Fortify Rights group says the deadly violence against Rohingya last August was premeditated and amounts to 'genocide'.

    Rohingya refugees scramble for aid at a camp in Cox's Bazar, Bangladesh [File: Cathal McNaughton/Reuters]
    Rohingya refugees scramble for aid at a camp in Cox's Bazar, Bangladesh [File: Cathal McNaughton/Reuters]

    Myanmar authorities carried out "extensive and systematic preparations" against the Rohingya population in the months prior to the attacks by an armed Rohingya group last August, according to a new report by a rights organisation.

    The army, known as Tatmadaw, used the deadly August 25 attack as a pretext to launch a bloody offensive that forced tens of thousands of Rohingya, often described as the most persecuted community in the world, to flee to neighbouring Bangladesh.

    The 162-page report, titled They Gave Them Long Swords, published by Fortify Rights on Thursday, found that the Myanmar military is guilty of committing "crimes against humanity and genocide".

    It detailed how the Myanmar authorities had planned for attacks against the Rohingya civilians in Rakhine State, resulting in more than 700,000 crossing the border into Bangladesh in the worst refugee crisis since the Rwandan genocide.

    "The Myanmar military would like the world to believe that it was fighting terrorism in Rakhine State and that this was a spontaneous response to the attacks of ARSA," Matthew Smith, the CEO of Fortify Rights, told Al Jazeera, referring to the Arkan Rohingya Salvation Army group.

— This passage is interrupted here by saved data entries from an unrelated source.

lemma conservative_superset_set_integral_nonneg:
  assumes "conservative M T" and B: "B \<in> sets M" "emeasure M B < \<infinity>"
  shows "\<exists>E\<in>sets M. B \<subseteq> E \<and> 0 \<le> (LINT x:E|M. Tder M T x - 1)"
proof -
  let ?H = "hitting_set M T B"
  have H_sets: "?H K \<in> sets M" for K
    using measurable_T B(1) by (rule sets_hitting_set)
  have H_finite: "emeasure M (?H K) < \<infinity>" for K
    using measurable_T B emeasure_vimage_less_top by (rule emeasure_hitting_set_less_top)
  have "(\<lambda>K. measure M (?H K - T -` ?H K)) \<longlonglongrightarrow> 0"
    using measurable_T B conservative_wandering_null[OF assms(1)]
    by (rule measure_hitting_set_Diff_vimage_tendsto_0)
  then have "0 \<le> (LINT x:(\<Union>K. ?H K)|M. Tder M T x - 1)"
    by (rule set_integral_Union_nonneg[OF integrable_Tder H_sets incseq_hitting_set])
      (rule set_integral_Tder_ge[OF H_sets H_finite])
  moreover have "B \<subseteq> (\<Union>K. ?H K)"
    using subset_hitting_set_0[OF sets.sets_into_space[OF B(1)]] by blast
  ultimately show ?thesis using H_sets by blast
qed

    "We have documented the way in which the military was making these systematic preparations weeks and months before August 25, 2017, which is when that attack by Rohingya militants took place," he added.

    The UN and the US have called Myanmar military action against Rohingya civilians "a textbook case of ethnic cleansing" - a charge the Myanmar government has repeatedly denied.

    Over 200 interviews were conducted over a 20-month period with Rohingya eyewitnesses and survivors, current and former members of ARSA, Bangladesh military officials, Myanmar military, international and local humanitarian aid workers, and physicians.

    The report found that the Myanmar authorities undertook several measures prior to August 2017, such as systematically disarming Rohingya civilians by confiscating household items that might be used as weapons or in self-defence.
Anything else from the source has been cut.